(* Let $n \geq 2$ be an integer and let $L$ be a totally real Galois extension of $\mathbb{Q}$ with $\operatorname{Gal}(L/\mathbb{Q}) \cong (\mathbb{Z}/2\mathbb{Z})^n$. Then for every nonzero $w \in \bigwedge^2 \operatorname{LOG}(\mathcal{O}_L^* )$, \[ \|w\|_1 \geq 2 \log\left(\frac{1+\sqrt{5}}{2}\right)\log(1+\sqrt{2}) \approx 0.8483 . \]
   Context: For a number field $L$, let $\mathcal{A}_L$ be its set of Archimedean places and $\mathcal{O}_L^*$ its unit group. Define $\operatorname{LOG}:\mathcal{O}_L^* \to \mathbb{R}^{\mathcal{A}_L}$ by $(\operatorname{LOG}(\gamma))_v = e_v \log|\gamma|_v$, where $e_v=1$ if $v$ is real and $e_v=2$ if $v$ is complex, and $|\cdot|_v$ is the absolute value associated to $v$ extending the usual absolute value on $\mathbb{Q}$. Let $\{\delta^v\}_{v\in\mathcal{A}_L}$ be the standard orthonormal basis of $\mathbb{R}^{\mathcal{A}_L}$; for each $2$-element subset $I=\{v_1,v_2\}$ of $\mathcal{A}_L$ (with a fixed ordering) put $\delta^I=\delta^{v_1}\wedge\delta^{v_2}$, giving a basis of $\bigwedge^2\mathbb{R}^{\mathcal{A}_L}$. For $w=\sum_I c_I\delta^I$, define $\|w\|_1=\sum_I |c_I|$. $\bigwedge^2\operatorname{LOG}(\mathcal{O}_L^* )$ denotes the subgroup of $\bigwedge^2\mathbb{R}^{\mathcal{A}_L}$ generated by all $\operatorname{LOG}(\epsilon_1)\wedge\operatorname{LOG}(\epsilon_2)$ with $\epsilon_1,\epsilon_2\in\mathcal{O}_L^*$. *)

theory Defs
  imports "HOL-Analysis.Analysis" "HOL-Computational_Algebra.Polynomial"
    "HOL-Algebra.Elementary_Groups" "HOL-Algebra.Product_Groups"
begin

text \<open>Number fields are modelled as subfields of the complex numbers that are
finite-dimensional over the rationals.\<close>

definition subfield_C :: "complex set \<Rightarrow> bool" where
  "subfield_C L \<longleftrightarrow> 0 \<in> L \<and> 1 \<in> L \<and>
     (\<forall>x\<in>L. \<forall>y\<in>L. x + y \<in> L \<and> x - y \<in> L \<and> x * y \<in> L) \<and>
     (\<forall>x\<in>L. x \<noteq> 0 \<longrightarrow> inverse x \<in> L)"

______

> **WORK INSTRUCTIONS**:
Return, in full, every line of these entries that holds "forall".

> **REPLY**:
     (\<forall>x\<in>L. \<forall>y\<in>L. x + y \<in> L \<and> x - y \<in> L \<and> x * y \<in> L) \<and>
     (\<forall>x\<in>L. x \<noteq> 0 \<longrightarrow> inverse x \<in> L)"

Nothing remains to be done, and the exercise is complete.